## ASSIGNMENT
Each entry below needs to be copied exactly, with nothing dropped.

## WORKING DATA
== == ==

lemma pinv_left_invertible:
  fixes V Z :: "real mat"
  assumes V: "V \<in> carrier_mat n c" and Z: "Z \<in> carrier_mat c n" and ZV: "Z * V = 1\<^sub>m c"
  shows "pinv V \<in> carrier_mat c n" and "pinv V * V = 1\<^sub>m c"
proof -
  define Y where "Y = pinv (transpose_mat V)"
  have VT: "transpose_mat V \<in> carrier_mat c n"
    using V by simp
  have "det (transpose_mat V * transpose_mat (transpose_mat V)) \<noteq> 0"
    using det_gram_nonzero[OF V Z ZV] by simp
  note full_row_rank = is_pinv_full_row_rank[OF VT this] pinv_full_row_rank(3)[OF VT this]
  have "is_pinv V (transpose_mat Y)"
    using is_pinv_transpose[OF full_row_rank(1)] pinv_eqI[OF full_row_rank(1)] by (simp add: Y_def)
  then have pinv: "pinv V = transpose_mat Y" and "Y \<in> carrier_mat n c"
    using V by (auto simp: pinv_eqI is_pinv_def)
  then show "pinv V \<in> carrier_mat c n"
    by simp
  have "pinv V * V = transpose_mat (transpose_mat V * Y)"
    using V \<open>Y \<in> carrier_mat n c\<close> by (simp add: pinv transpose_mult)
  then show "pinv V * V = 1\<^sub>m c"
    using full_row_rank(2) by (simp add: Y_def)
qed

section \<open>Rank and kernel\<close>

context vec_space
begin

lemma rank_mat_mult_le:
  assumes A: "A \<in> carrier_mat n k" and B: "B \<in> carrier_mat k nc"
  shows "rank (A * B) \<le> rank A"
proof -
  have AB: "A * B \<in> carrier_mat n nc"
    using A B by simp
  have "col (A * B) j \<in> col_space A" if "j < nc" for j
    using col_mult2[OF A B that] A B that by (auto simp: col_space_eq[OF A])
  then have cols_sub: "set (cols (A * B)) \<subseteq> col_space A"
    using B by (auto simp: in_set_conv_nth)
  have sub_A: "subspace class_ring (col_space A) V"
    unfolding col_space_def using A cols_dim by (intro span_is_subspace) blast
  have sub_AB: "subspace class_ring (span (set (cols (A * B)))) V"
    using AB cols_dim by (intro span_is_subspace) blast
  have "span (set (cols (A * B))) \<subseteq> col_space A"
    using span_is_subset[OF cols_sub] sub_A unfolding subspace_def by blast
  then have "subspace class_ring (span (set (cols (A * B)))) (vs (col_space A))"
    by (rule nested_subspaces[OF sub_A sub_AB])
  from vectorspace.subspace_dim[OF subspace_is_vs[OF sub_A] this]
  show ?thesis
    using fin_dim_span_cols[OF A] fin_dim_span_cols[OF AB]
    unfolding rank_def col_space_def by simp
qed

lemma rank_le_nr:
  assumes A: "A \<in> carrier_mat n nc"
  shows "rank A \<le> n"
proof -
  have "subspace class_ring (span (set (cols A))) V"
    using A cols_dim by (intro span_is_subspace) blast
  from subspace_dim[OF this fin_dim fin_dim_span_cols[OF A]]
  show ?thesis
    unfolding rank_def dim_is_n by simp
qed

lemma rank_right_invertible:
  assumes A: "A \<in> carrier_mat n k" and R: "R \<in> carrier_mat k n" and AR: "A * R = 1\<^sub>m n"
  shows "rank A = n"
  using rank_mat_mult_le[OF A R] rank_le_nr[OF A] det_rank_iff[of "1\<^sub>m n"] AR by simp

end

lemma mrank_right_invertible:
  assumes "A \<in> carrier_mat a n" and "R \<in> carrier_mat n a" and "A * R = 1\<^sub>m a"
  shows "mrank A = a"
  using vec_space.rank_right_invertible[OF assms] assms(1) by (simp add: mrank_def)

lemma append_rows_mult_block_inverse:
  fixes X Y P Q :: "'a::comm_ring_1 mat"
  assumes X: "X \<in> carrier_mat a k" and Y: "Y \<in> carrier_mat c k"
    and P: "P \<in> carrier_mat k a" and Q: "Q \<in> carrier_mat k c"
    and "X * P = 1\<^sub>m a" "X * Q = 0\<^sub>m a c" "Y * P = 0\<^sub>m c a" "Y * Q = 1\<^sub>m c"
  shows "(X @\<^sub>r Y) * four_block_mat P Q (0\<^sub>m 0 a) (0\<^sub>m 0 c) = 1\<^sub>m (a + c)"
  unfolding append_rows_def using assms X Y
  by (subst mult_four_block_mat[OF X _ Y _ P Q]) auto

lemma kernel_projection_factorization:
  fixes CC K V :: "'a::field mat"
  assumes CC: "CC \<in> carrier_mat a n" and K: "K \<in> carrier_mat n a" and CC_K: "CC * K = 1\<^sub>m a"
    and V: "V \<in> carrier_mat n c"
    and image: "{V *\<^sub>v x | x. x \<in> carrier_vec c} = {y \<in> carrier_vec n. CC *\<^sub>v y = 0\<^sub>v a}"
  shows "\<exists>Z \<in> carrier_mat c n. V * Z = 1\<^sub>m n - K * CC"
proof -
  define P where "P = 1\<^sub>m n - K * CC"
  have P: "P \<in> carrier_mat n n"
    unfolding P_def by (rule minus_carrier_mat[OF mult_carrier_mat[OF K CC]])
  have "CC * P = CC - (CC * K) * CC"
    using CC K mult_minus_distrib_mat[OF CC _ mult_carrier_mat[OF K CC], of "1\<^sub>m n"]
    by (simp add: P_def)
  then have CC_P: "CC * P = 0\<^sub>m a n"
    using CC_K CC by simp
  have "\<exists>x. x \<in> carrier_vec c \<and> V *\<^sub>v x = col P j" if "j < n" for j
  proof -
    have "CC *\<^sub>v col P j = col (CC * P) j"
      by (rule col_mult2[OF CC P that, symmetric])
    also have "\<dots> = 0\<^sub>v a"
      unfolding CC_P using that by (intro eq_vecI) auto
    finally have "CC *\<^sub>v col P j = 0\<^sub>v a" .
    moreover have "col P j \<in> carrier_vec n"
      using P by (simp add: carrier_vecI)
    ultimately have "col P j \<in> {V *\<^sub>v x | x. x \<in> carrier_vec c}"
      unfolding image by blast
    then show ?thesis
      by (auto simp: eq_commute[of _ "col P j"])
  qed
  then obtain x where x: "\<And>j. j < n \<Longrightarrow> x j \<in> carrier_vec c \<and> V *\<^sub>v x j = col P j"
    by metis
  define Z where "Z = mat c n (\<lambda>(i,j). x j $ i)"
  have Z: "Z \<in> carrier_mat c n"
    by (simp add: Z_def)
  have col_Z: "col Z j = x j" if "j < n" for j
    using x[OF that] that by (auto simp: Z_def)
  have "V * Z = P"
  proof (rule eq_matI)
    fix i j assume "i < dim_row P" "j < dim_col P"
    then show "(V * Z) $$ (i,j) = P $$ (i,j)"
      using x[of j] col_Z[of j] V Z P index_mult_mat_vec[of i V "x j"] index_col[of i P j] by simp
  qed (use V Z P in auto)
  with Z show ?thesis
    unfolding P_def by blast
qed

== == ==

## EXERCISE SOLUTION
lemma pinv_left_invertible:
  fixes V Z :: "real mat"
  assumes V: "V \<in> carrier_mat n c" and Z: "Z \<in> carrier_mat c n" and ZV: "Z * V = 1\<^sub>m c"
  shows "pinv V \<in> carrier_mat c n" and "pinv V * V = 1\<^sub>m c"
proof -
  define Y where "Y = pinv (transpose_mat V)"
  have VT: "transpose_mat V \<in> carrier_mat c n"
    using V by simp
  have "det (transpose_mat V * transpose_mat (transpose_mat V)) \<noteq> 0"
    using det_gram_nonzero[OF V Z ZV] by simp
  note full_row_rank = is_pinv_full_row_rank[OF VT this] pinv_full_row_rank(3)[OF VT this]
  have "is_pinv V (transpose_mat Y)"
    using is_pinv_transpose[OF full_row_rank(1)] pinv_eqI[OF full_row_rank(1)] by (simp add: Y_def)
  then have pinv: "pinv V = transpose_mat Y" and "Y \<in> carrier_mat n c"
    using V by (auto simp: pinv_eqI is_pinv_def)
  then show "pinv V \<in> carrier_mat c n"
    by simp
  have "pinv V * V = transpose_mat (transpose_mat V * Y)"
    using V \<open>Y \<in> carrier_mat n c\<close> by (simp add: pinv transpose_mult)
  then show "pinv V * V = 1\<^sub>m c"
    using full_row_rank(2) by (simp add: Y_def)
qed

section \<open>Rank and kernel\<close>

context vec_space
begin

lemma rank_mat_mult_le:
  assumes A: "A \<in> carrier_mat n k" and B: "B \<in> carrier_mat k nc"
  shows "rank (A * B) \<le> rank A"
proof -
  have AB: "A * B \<in> carrier_mat n nc"
    using A B by simp
  have "col (A * B) j \<in> col_space A" if "j < nc" for j
    using col_mult2[OF A B that] A B that by (auto simp: col_space_eq[OF A])
  then have cols_sub: "set (cols (A * B)) \<subseteq> col_space A"
    using B by (auto simp: in_set_conv_nth)
  have sub_A: "subspace class_ring (col_space A) V"
    unfolding col_space_def using A cols_dim by (intro span_is_subspace) blast
  have sub_AB: "subspace class_ring (span (set (cols (A * B)))) V"
    using AB cols_dim by (intro span_is_subspace) blast
  have "span (set (cols (A * B))) \<subseteq> col_space A"
    using span_is_subset[OF cols_sub] sub_A unfolding subspace_def by blast
  then have "subspace class_ring (span (set (cols (A * B)))) (vs (col_space A))"
    by (rule nested_subspaces[OF sub_A sub_AB])
  from vectorspace.subspace_dim[OF subspace_is_vs[OF sub_A] this]
  show ?thesis
    using fin_dim_span_cols[OF A] fin_dim_span_cols[OF AB]
    unfolding rank_def col_space_def by simp
qed

lemma rank_le_nr:
  assumes A: "A \<in> carrier_mat n nc"
  shows "rank A \<le> n"
proof -
  have "subspace class_ring (span (set (cols A))) V"
    using A cols_dim by (intro span_is_subspace) blast
  from subspace_dim[OF this fin_dim fin_dim_span_cols[OF A]]
  show ?thesis
    unfolding rank_def dim_is_n by simp
qed

lemma rank_right_invertible:
  assumes A: "A \<in> carrier_mat n k" and R: "R \<in> carrier_mat k n" and AR: "A * R = 1\<^sub>m n"
  shows "rank A = n"
  using rank_mat_mult_le[OF A R] rank_le_nr[OF A] det_rank_iff[of "1\<^sub>m n"] AR by simp

end

lemma mrank_right_invertible:
  assumes "A \<in> carrier_mat a n" and "R \<in> carrier_mat n a" and "A * R = 1\<^sub>m a"
  shows "mrank A = a"
  using vec_space.rank_right_invertible[OF assms] assms(1) by (simp add: mrank_def)

lemma append_rows_mult_block_inverse:
  fixes X Y P Q :: "'a::comm_ring_1 mat"
  assumes X: "X \<in> carrier_mat a k" and Y: "Y \<in> carrier_mat c k"
    and P: "P \<in> carrier_mat k a" and Q: "Q \<in> carrier_mat k c"
    and "X * P = 1\<^sub>m a" "X * Q = 0\<^sub>m a c" "Y * P = 0\<^sub>m c a" "Y * Q = 1\<^sub>m c"
  shows "(X @\<^sub>r Y) * four_block_mat P Q (0\<^sub>m 0 a) (0\<^sub>m 0 c) = 1\<^sub>m (a + c)"
  unfolding append_rows_def using assms X Y
  by (subst mult_four_block_mat[OF X _ Y _ P Q]) auto

lemma kernel_projection_factorization:
  fixes CC K V :: "'a::field mat"
  assumes CC: "CC \<in> carrier_mat a n" and K: "K \<in> carrier_mat n a" and CC_K: "CC * K = 1\<^sub>m a"
    and V: "V \<in> carrier_mat n c"
    and image: "{V *\<^sub>v x | x. x \<in> carrier_vec c} = {y \<in> carrier_vec n. CC *\<^sub>v y = 0\<^sub>v a}"
  shows "\<exists>Z \<in> carrier_mat c n. V * Z = 1\<^sub>m n - K * CC"
proof -
  define P where "P = 1\<^sub>m n - K * CC"
  have P: "P \<in> carrier_mat n n"
    unfolding P_def by (rule minus_carrier_mat[OF mult_carrier_mat[OF K CC]])
  have "CC * P = CC - (CC * K) * CC"
    using CC K mult_minus_distrib_mat[OF CC _ mult_carrier_mat[OF K CC], of "1\<^sub>m n"]
    by (simp add: P_def)
  then have CC_P: "CC * P = 0\<^sub>m a n"
    using CC_K CC by simp
  have "\<exists>x. x \<in> carrier_vec c \<and> V *\<^sub>v x = col P j" if "j < n" for j
  proof -
    have "CC *\<^sub>v col P j = col (CC * P) j"
      by (rule col_mult2[OF CC P that, symmetric])
    also have "\<dots> = 0\<^sub>v a"
      unfolding CC_P using that by (intro eq_vecI) auto
    finally have "CC *\<^sub>v col P j = 0\<^sub>v a" .
    moreover have "col P j \<in> carrier_vec n"
      using P by (simp add: carrier_vecI)
    ultimately have "col P j \<in> {V *\<^sub>v x | x. x \<in> carrier_vec c}"
      unfolding image by blast
    then show ?thesis
      by (auto simp: eq_commute[of _ "col P j"])
  qed
  then obtain x where x: "\<And>j. j < n \<Longrightarrow> x j \<in> carrier_vec c \<and> V *\<^sub>v x j = col P j"
    by metis
  define Z where "Z = mat c n (\<lambda>(i,j). x j $ i)"
  have Z: "Z \<in> carrier_mat c n"
    by (simp add: Z_def)
  have col_Z: "col Z j = x j" if "j < n" for j
    using x[OF that] that by (auto simp: Z_def)
  have "V * Z = P"
  proof (rule eq_matI)
    fix i j assume "i < dim_row P" "j < dim_col P"
    then show "(V * Z) $$ (i,j) = P $$ (i,j)"
      using x[of j] col_Z[of j] V Z P index_mult_mat_vec[of i V "x j"] index_col[of i P j] by simp
  qed (use V Z P in auto)
  with Z show ?thesis
    unfolding P_def by blast
qed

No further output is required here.